Collected data entries:
┄┄┄┄┄┄

(* Let $n\ge2$ and $u\in\mathfrak D_n$. If either ($u(1)=1$ and $u(k)>0$ for all $1\le k\le n$) or ($u(1)<-1$, $u^{-1}(1)<-1$, and $|\{1\le i\le n: u(i)<0\}|=2$), then $$C(u)=\{t_1\}\cup\{t_i: i\ne1,\ |u(j)|<u(k)\text{ for all }0\le j\le i<k\le n\};$$ otherwise $$C(u)=\{t_i: i\ne1,\ |u(j)|<u(k)\text{ for all }0\le j\le i<k\le n\},$$ where $u(0)=0$ by convention and $i$ ranges over $\{0,1,\dots,n-1\}$.
   Context: $\mathfrak B_n$ is the group of signed permutations of $\{\pm1,\dots,\pm n\}$ ($w(-i)=-w(i)$), with $\tau_0=(-1,1)$ and $\tau_i=(i,i+1)(-i,-i-1)$ for $1\le i\le n-1$. For $n\ge2$, $\mathfrak D_n$ is the subgroup of $\mathfrak B_n$ (of order $2^{n-1}n!$) generated by $t_0=\tau_0\tau_1\tau_0$ (so $t_0(1)=-2$, $t_0(2)=-1$) and $t_i=\tau_i$ for $1\le i\le n-1$; it is a Coxeter group with generators $S=\{t_0,\dots,t_{n-1}\}$. For $w\in\mathfrak D_n$, $S(w)$ is the set of generators appearing in a (any) reduced expression of $w$ in $\mathfrak D_n$, and $C(w)=S\setminus S(w)$. *)

theory Defs
  imports Main
begin

text \<open>Signed permutations are represented as functions int => int
  (fixing 0 and everything outside [-n,n]); the group product is function
  composition, (v w)(x) = v (w x).\<close>

definition tau0 :: "int \<Rightarrow> int" where
  "tau0 x = (if x = 1 then -1 else if x = -1 then 1 else x)"

definition tau :: "nat \<Rightarrow> int \<Rightarrow> int" where
  "tau i x = (if x = int i then int i + 1 else if x = int i + 1 then int i
              else if x = - int i then - int i - 1 else if x = - int i - 1 then - int i else x)"

definition tgen :: "nat \<Rightarrow> int \<Rightarrow> int" where
  "tgen i = (if i = 0 then tau0 \<circ> tau 1 \<circ> tau0 else tau i)"

definition word_prod :: "nat list \<Rightarrow> int \<Rightarrow> int" where
  "word_prod ws = foldr (\<lambda>i f. tgen i \<circ> f) ws id"

definition words :: "nat \<Rightarrow> nat list set" where
  "words n = {ws. set ws \<subseteq> {0..<n}}"

text \<open>D_n: the subgroup generated by t_0,...,t_{n-1}; as the generators are
  involutions, this is the set of all products of generators.\<close>
definition Dn :: "nat \<Rightarrow> (int \<Rightarrow> int) set" where
  "Dn n = word_prod ` words n"

definition Gens :: "nat \<Rightarrow> (int \<Rightarrow> int) set" where
  "Gens n = tgen ` {0..<n}"

definition lenD :: "nat \<Rightarrow> (int \<Rightarrow> int) \<Rightarrow> nat" where
  "lenD n w = (LEAST l. \<exists>ws \<in> words n. word_prod ws = w \<and> length ws = l)"

definition reduced_words :: "nat \<Rightarrow> (int \<Rightarrow> int) \<Rightarrow> nat list set" where
  "reduced_words n w = {ws \<in> words n. word_prod ws = w \<and> length ws = lenD n w}"

definition supp :: "nat \<Rightarrow> (int \<Rightarrow> int) \<Rightarrow> (int \<Rightarrow> int) set" where
  "supp n w = {tgen i | i. \<exists>ws \<in> reduced_words n w. i \<in> set ws}"

definition cosupp :: "nat \<Rightarrow> (int \<Rightarrow> int) \<Rightarrow> (int \<Rightarrow> int) set" where
  "cosupp n w = Gens n - supp n w"

end

theory Submission
  imports Defs
begin

text \<open>
  Elements of \<open>D\<^sub>n\<close> are signed permutations with an even number of negative entries.
  Right multiplication by \<open>t\<^sub>m\<close> toggles the two root pairs of its simple root and permutes
  all other root pairs, so the length of \<open>w\<close> is half the number of root pairs that \<open>w\<close>
  inverts.

  For each generator \<open>t\<^sub>i\<close>, the orbits on \<open>\<plusminus>1, \<dots>, \<plusminus>n\<close> of the subgroup generated by
  the other generators are blocks that every \<open>t\<^sub>m\<close> with \<open>m \<noteq> i\<close> preserves. Hence such
  letters neither create nor destroy an inversion of a pair meeting two blocks, while the
  last \<open>t\<^sub>i\<close> in a reduced word must create one. So \<open>t\<^sub>i \<notin> S(w)\<close> iff \<open>w\<close> inverts no
  pair meeting two blocks of \<open>t\<^sub>i\<close>; for \<open>i = 0\<close> and \<open>i \<ge> 2\<close> this says that \<open>\<bar>w\<bar>\<close> is
  smaller on \<open>{1..i}\<close> than the positive values on \<open>{i+1..n}\<close>, and for \<open>i = 1\<close> it says that
  \<open>w\<close> equals \<open>-1\<close> at one point of the block \<open>{-1, 2, \<dots>, n}\<close> and is at least \<open>2\<close> on the
  rest of it, the two possible positions of that point giving the two exceptional cases.
\<close>

lemma int_strict_mono_bound:
  fixes f :: "int \<Rightarrow> int"
  assumes step: "\<And>k. a \<le> k \<Longrightarrow> k < b \<Longrightarrow> f k < f (k + 1)" and "a \<le> k" "k \<le> b"
  shows "f a + (k - a) \<le> f k"
  using assms(2,3)
proof (induction k rule: int_ge_induct)
  case (step k)
  then show ?case
    using assms(1)[of k] by simp
qed simp

section \<open>Generators and words\<close>

lemma tgen_0_apply:
  "tgen 0 x = (if x = 1 then -2 else if x = 2 then -1 else if x = -1 then 2 else if x = -2 then 1 else x)"
  by (auto simp: tgen_def tau0_def tau_def)

lemma tgen_apply:
  "m \<noteq> 0 \<Longrightarrow> tgen m x = (if x = int m then int m + 1 else if x = int m + 1 then int m
     else if x = - int m then - int m - 1 else if x = - int m - 1 then - int m else x)"
  by (auto simp: tgen_def tau_def)

lemma tgen_tgen [simp]: "tgen m (tgen m x) = x"
  by (cases "m = 0") (auto simp: tgen_0_apply tgen_apply)

lemma tgen_comp_tgen: "tgen m \<circ> tgen m = id"
  by auto

lemma bij_tgen: "bij (tgen m)"
  by (rule o_bij[OF tgen_comp_tgen tgen_comp_tgen])

lemma tgen_uminus: "tgen m (- x) = - tgen m x"
  by (cases "m = 0") (auto simp: tgen_0_apply tgen_apply)

lemma tgen_eq_0_iff [simp]: "tgen m x = 0 \<longleftrightarrow> x = 0"
  by (cases "m = 0") (auto simp: tgen_0_apply tgen_apply)

lemma abs_tgen_le: "2 \<le> n \<Longrightarrow> m < n \<Longrightarrow> \<bar>x\<bar> \<le> int n \<Longrightarrow> \<bar>tgen m x\<bar> \<le> int n"
  by (cases "m = 0") (auto simp: tgen_0_apply tgen_apply)

lemma tgen_outside: "2 \<le> n \<Longrightarrow> m < n \<Longrightarrow> int n < \<bar>x\<bar> \<Longrightarrow> tgen m x = x"
  by (cases "m = 0") (auto simp: tgen_0_apply tgen_apply)

lemma inj_tgen: "inj tgen"
proof (rule injI)
  fix i j assume eq: "tgen i = tgen j"
  show "i = j"
  proof (cases "i = 0 \<or> j = 0")
    case True
    then show ?thesis
      using fun_cong[OF eq, of 1]
      by (cases "i = 0"; cases "j = 0") (auto simp: tgen_0_apply tgen_apply split: if_splits)
  next
    case False
    then show ?thesis
      using fun_cong[OF eq, of "int i"] by (auto simp: tgen_apply split: if_splits)
  qed
qed

lemma word_prod_Nil [simp]: "word_prod [] = id"
  by (simp add: word_prod_def)

lemma word_prod_Cons: "word_prod (m # ws) = tgen m \<circ> word_prod ws"
  by (simp add: word_prod_def)

lemma word_prod_append: "word_prod (ws @ vs) = word_prod ws \<circ> word_prod vs"
  by (induction ws) (simp_all add: word_prod_Cons comp_assoc)

lemma word_prod_snoc: "word_prod (ws @ [m]) = word_prod ws \<circ> tgen m"
  by (simp add: word_prod_append word_prod_Cons)

lemma append_in_words_iff [simp]: "ws @ vs \<in> words n \<longleftrightarrow> ws \<in> words n \<and> vs \<in> words n"
  by (auto simp: words_def)

lemma Cons_in_words_iff [simp]: "m # ws \<in> words n \<longleftrightarrow> m < n \<and> ws \<in> words n"
  by (auto simp: words_def)

lemma Nil_in_words [simp]: "[] \<in> words n"
  by (simp add: words_def)

lemma comp_tgen_in_Dn: "w \<in> Dn n \<Longrightarrow> m < n \<Longrightarrow> w \<circ> tgen m \<in> Dn n"
  unfolding Dn_def by (auto simp: word_prod_snoc intro!: image_eqI[of _ _ "_ @ [m]"])

section \<open>Even signed permutations\<close>

definition sign_prod :: "nat \<Rightarrow> (int \<Rightarrow> int) \<Rightarrow> int" where
  "sign_prod n w = (\<Prod>k\<in>{1..int n}. sgn (w k))"

locale even_signed_perm =
  fixes n :: nat and w :: "int \<Rightarrow> int"
  assumes uminus: "w (- x) = - w x"
    and bij: "bij w"
    and outside: "int n < \<bar>x\<bar> \<Longrightarrow> w x = x"
    and abs_le: "\<bar>x\<bar> \<le> int n \<Longrightarrow> \<bar>w x\<bar> \<le> int n"
    and sign_prod_eq_1: "sign_prod n w = 1"
begin

lemma inj: "inj w"
  using bij by (rule bij_is_inj)

lemma apply_eq_iff [simp]: "w x = w y \<longleftrightarrow> x = y"
  using inj by (auto dest: injD)

lemma apply_eq_0_iff [simp]: "w x = 0 \<longleftrightarrow> x = 0"
  using uminus[of 0] apply_eq_iff[of x 0] by simp

lemma not_one_negative:
  assumes "1 \<le> k" "k \<le> int n" "w k < 0" and pos: "\<And>l. 1 \<le> l \<Longrightarrow> l \<le> int n \<Longrightarrow> l \<noteq> k \<Longrightarrow> 0 < w l"
  shows False
proof -
  have "sign_prod n w = sgn (w k) * (\<Prod>l\<in>{1..int n} - {k}. sgn (w l))"
    unfolding sign_prod_def using assms(1,2) by (subst prod.remove[of _ k]) auto
  also have "(\<Prod>l\<in>{1..int n} - {k}. sgn (w l)) = 1"
    by (rule prod.neutral) (use pos in auto)
  finally show False
    using assms(3) sign_prod_eq_1 by simp
qed

lemma obtain_preimage:
  assumes "0 < \<bar>v\<bar>" "\<bar>v\<bar> \<le> int n"
  obtains z where "w z = v" "0 < \<bar>z\<bar>" "\<bar>z\<bar> \<le> int n"
proof -
  obtain z where z: "w z = v"
    using surjD[OF bij_is_surj[OF bij], of v] by metis
  moreover from this have "\<bar>z\<bar> \<le> int n"
    using assms(2) outside[of z] by force
  ultimately show ?thesis
    using that assms(1) by force
qed

lemma eq_id_if_fixes_positive:
  assumes "\<And>k. 1 \<le> k \<Longrightarrow> k \<le> int n \<Longrightarrow> w k = k"
  shows "w = id"
proof
  fix x
  consider "x = 0" | "1 \<le> \<bar>x\<bar>" "\<bar>x\<bar> \<le> int n" | "int n < \<bar>x\<bar>"
    by linarith
  then show "w x = id x"
  proof cases
    case 2
    then show ?thesis
      using assms[of "\<bar>x\<bar>"] uminus[of x] by (cases "0 \<le> x") simp_all
  qed (simp_all add: outside)
qed

end

lemma sign_prod_comp_tgen:
  assumes "2 \<le> n" "m < n" and odd: "\<And>x. w (- x) = - w x"
  shows "sign_prod n (w \<circ> tgen m) = sign_prod n w"
proof (cases "m = 0")
  case True
  have interval_split: "{1..int n} = insert 1 (insert 2 {3..int n})"
    using assms(1) by auto
  have "(\<Prod>k\<in>{3..int n}. sgn (w (tgen 0 k))) = (\<Prod>k\<in>{3..int n}. sgn (w k))"
    by (rule prod.cong) (auto simp: tgen_0_apply)
  then show ?thesis
    using True odd[of 1] odd[of 2] by (simp add: sign_prod_def interval_split tgen_0_apply)
next
  case False
  have "bij_betw (tgen m) {1..int n} {1..int n}"
    by (rule bij_betw_byWitness[where f' = "tgen m"]) (use False assms in \<open>auto simp: tgen_apply\<close>)
  then show ?thesis
    unfolding sign_prod_def using prod.reindex_bij_betw[of "tgen m", of _ _ "\<lambda>k. sgn (w k)"] by simp
qed

lemma even_signed_perm_id: "even_signed_perm n id"
  by unfold_locales (auto simp: sign_prod_def)

lemma even_signed_perm_comp_tgen:
  assumes "2 \<le> n" "m < n" "even_signed_perm n w"
  shows "even_signed_perm n (w \<circ> tgen m)"
proof -
  interpret even_signed_perm n w by fact
  show ?thesis
    by unfold_locales
      (use assms tgen_uminus uminus abs_le tgen_outside outside abs_tgen_le
        in \<open>auto simp: sign_prod_comp_tgen sign_prod_eq_1 bij_comp[OF bij_tgen bij]\<close>)
qed

lemma even_signed_perm_comp_word_prod:
  assumes "2 \<le> n" "ws \<in> words n" "even_signed_perm n w"
  shows "even_signed_perm n (w \<circ> word_prod ws)"
  using assms(2)
proof (induction ws rule: rev_induct)
  case (snoc m ws)
  then show ?case
    using even_signed_perm_comp_tgen[OF assms(1), of m "w \<circ> word_prod ws"]
    by (simp add: word_prod_snoc comp_def)
qed (simp add: assms(3))

lemma even_signed_perm_word_prod: "2 \<le> n \<Longrightarrow> ws \<in> words n \<Longrightarrow> even_signed_perm n (word_prod ws)"
  using even_signed_perm_comp_word_prod[OF _ _ even_signed_perm_id] by simp

lemma even_signed_perm_Dn: "2 \<le> n \<Longrightarrow> w \<in> Dn n \<Longrightarrow> even_signed_perm n w"
  by (auto simp: Dn_def even_signed_perm_word_prod)

section \<open>Inversions and length\<close>

text \<open>The positive root \<open>e\<^sub>x - e\<^sub>y\<close> (with \<open>e\<^sub>-\<^sub>x = - e\<^sub>x\<close>) is encoded by both pairs
  \<open>(x, y)\<close> and \<open>(-y, -x)\<close>, so every inversion is counted twice; \<open>simple_pairs m\<close> encodes
  the simple root of \<open>t\<^sub>m\<close>.\<close>

definition root_pairs :: "nat \<Rightarrow> (int \<times> int) set" where
  "root_pairs n = {(x, y). 0 < \<bar>x\<bar> \<and> \<bar>x\<bar> \<le> int n \<and> 0 < \<bar>y\<bar> \<and> \<bar>y\<bar> \<le> int n \<and> y < x \<and> x \<noteq> - y}"

definition inversions :: "nat \<Rightarrow> (int \<Rightarrow> int) \<Rightarrow> (int \<times> int) set" where
  "inversions n w = {(x, y) \<in> root_pairs n. w x < w y}"

definition simple_pairs :: "nat \<Rightarrow> (int \<times> int) set" where
  "simple_pairs m =
     (if m = 0 then {(1, -2), (2, -1)} else {(int m + 1, int m), (- int m, - int m - 1)})"

definition tgen_pair :: "nat \<Rightarrow> int \<times> int \<Rightarrow> int \<times> int" where
  "tgen_pair m = map_prod (tgen m) (tgen m)"

lemma finite_inversions: "finite (inversions n w)"
proof (rule finite_subset)
  show "inversions n w \<subseteq> {- int n..int n} \<times> {- int n..int n}"
    by (auto simp: inversions_def root_pairs_def)
qed simp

┄┄┄┄┄┄

Beginning at the line above with "rest of it, the" and finishing at the line with "m x = 0 \<longleftrightarrow>", return each line exactly and return nothing else.

Written solution:
  rest of it, the two possible positions of that point giving the two exceptional cases.
\<close>

lemma int_strict_mono_bound:
  fixes f :: "int \<Rightarrow> int"
  assumes step: "\<And>k. a \<le> k \<Longrightarrow> k < b \<Longrightarrow> f k < f (k + 1)" and "a \<le> k" "k \<le> b"
  shows "f a + (k - a) \<le> f k"
  using assms(2,3)
proof (induction k rule: int_ge_induct)
  case (step k)
  then show ?case
    using assms(1)[of k] by simp
qed simp

section \<open>Generators and words\<close>

lemma tgen_0_apply:
  "tgen 0 x = (if x = 1 then -2 else if x = 2 then -1 else if x = -1 then 2 else if x = -2 then 1 else x)"
  by (auto simp: tgen_def tau0_def tau_def)

lemma tgen_apply:
  "m \<noteq> 0 \<Longrightarrow> tgen m x = (if x = int m then int m + 1 else if x = int m + 1 then int m
     else if x = - int m then - int m - 1 else if x = - int m - 1 then - int m else x)"
  by (auto simp: tgen_def tau_def)

lemma tgen_tgen [simp]: "tgen m (tgen m x) = x"
  by (cases "m = 0") (auto simp: tgen_0_apply tgen_apply)

lemma tgen_comp_tgen: "tgen m \<circ> tgen m = id"
  by auto

lemma bij_tgen: "bij (tgen m)"
  by (rule o_bij[OF tgen_comp_tgen tgen_comp_tgen])

lemma tgen_uminus: "tgen m (- x) = - tgen m x"
  by (cases "m = 0") (auto simp: tgen_0_apply tgen_apply)

lemma tgen_eq_0_iff [simp]: "tgen m x = 0 \<longleftrightarrow> x = 0"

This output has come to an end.